_Your task_
Every line of the records below that holds the word "entries" belongs in the answer.

==============================

(* A = k[t, t^{-1}, (1-t)^{-1}] as a subring of k(t): elements p / (t^a (1-t)^b) *)
definition calA :: "'k::field rf set" where
  "calA = {Fract p ([:0, 1:] ^ a * [:1, -1:] ^ b) | p a b. True}"

definition tp :: "'k::field rf" where
  "tp = 1 - inverse tvar"

definition tpp :: "'k::field rf" where
  "tpp = inverse (1 - tvar)"

definition mat2 :: "'a \<Rightarrow> 'a \<Rightarrow> 'a \<Rightarrow> 'a \<Rightarrow> 'a ^ 2 ^ 2" where
  "mat2 a b c d = (\<chi> i j. if i = 1 then (if j = 1 then a else b) else (if j = 1 then c else d))"

(* scalar multiplication of a matrix by an element of k(t); for a matrix M with
   entries in k and a in A this is M \<otimes> a *)
definition smat :: "'a::times \<Rightarrow> 'a ^ 2 ^ 2 \<Rightarrow> 'a ^ 2 ^ 2" where
  "smat a M = (\<chi> i j. a * M $ i $ j)"

definition xm :: "'k::field mat2" where "xm = mat2 (-1) 2 0 1"
definition ym :: "'k::field mat2" where "ym = mat2 (-1) 0 (-2) 1"
definition zm :: "'k::field mat2" where "zm = mat2 1 0 0 (-1)"

(* g = sl_2(k) \<otimes>_k A, realised as the trace-zero 2x2 matrices with entries in A *)
definition gset :: "'k::field mat2 set" where
  "gset = {M. (\<forall>i j. M $ i $ j \<in> calA) \<and> M $ 1 $ 1 + M $ 2 $ 2 = 0}"

(* coordinates of M = x\<otimes>cx M + y\<otimes>cy M + z\<otimes>cz M (valid since char k \<noteq> 2) *)
definition cx :: "'k::field mat2 \<Rightarrow> 'k rf" where "cx M = M $ 1 $ 2 / 2"
definition cy :: "'k::field mat2 \<Rightarrow> 'k rf" where "cy M = - (M $ 2 $ 1 / 2)"
definition cz :: "'k::field mat2 \<Rightarrow> 'k rf" where "cz M = M $ 1 $ 1 + cx M + cy M"

(* A-linear extension of the prescribed values on x\<otimes>1, y\<otimes>1, z\<otimes>1 *)
definition tau1 :: "'k::field mat2 \<Rightarrow> 'k mat2" where
  "tau1 M =
     smat (cx M) (- xm)
   + smat (cy M) (- (smat tp zm + smat (tp - 1) xm))
   + smat (cz M) (smat tpp xm + smat (tpp - 1) ym)"

definition tau2 :: "'k::field mat2 \<Rightarrow> 'k mat2" where
  "tau2 M =
     smat (cx M) (smat tvar ym + smat (tvar - 1) zm)
   + smat (cy M) (- ym)
   + smat (cz M) (- (smat tpp xm + smat (tpp - 1) ym))"

definition u0 :: "'k::field mat2" where
  "u0 = smat (1/4) (zm + smat tpp xm + smat (tpp - 1) ym)"
definition u1 :: "'k::field mat2" where
  "u1 = smat (1/4) (xm + smat tvar ym + smat (tvar - 1) zm)"
definition u2 :: "'k::field mat2" where
  "u2 = smat (1/4) (ym + smat tp zm + smat (tp - 1) xm)"

definition tfix :: "'k::field mat2 set" where "tfix = {g \<in> gset. tau1 g = g \<and> tau2 g = g}"
definition g0 :: "'k::field mat2 set" where "g0 = {g \<in> gset. tau1 g = g \<and> tau2 g = - g}"
definition g1 :: "'k::field mat2 set" where "g1 = {g \<in> gset. tau1 g = - g \<and> tau2 g = g}"
definition g2 :: "'k::field mat2 set" where "g2 = {g \<in> gset. tau1 g = - g \<and> tau2 g = - g}"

==============================

_Output_
   entries in k and a in A this is M \<otimes> a *)
(* g = sl_2(k) \<otimes>_k A, realised as the trace-zero 2x2 matrices with entries in A *)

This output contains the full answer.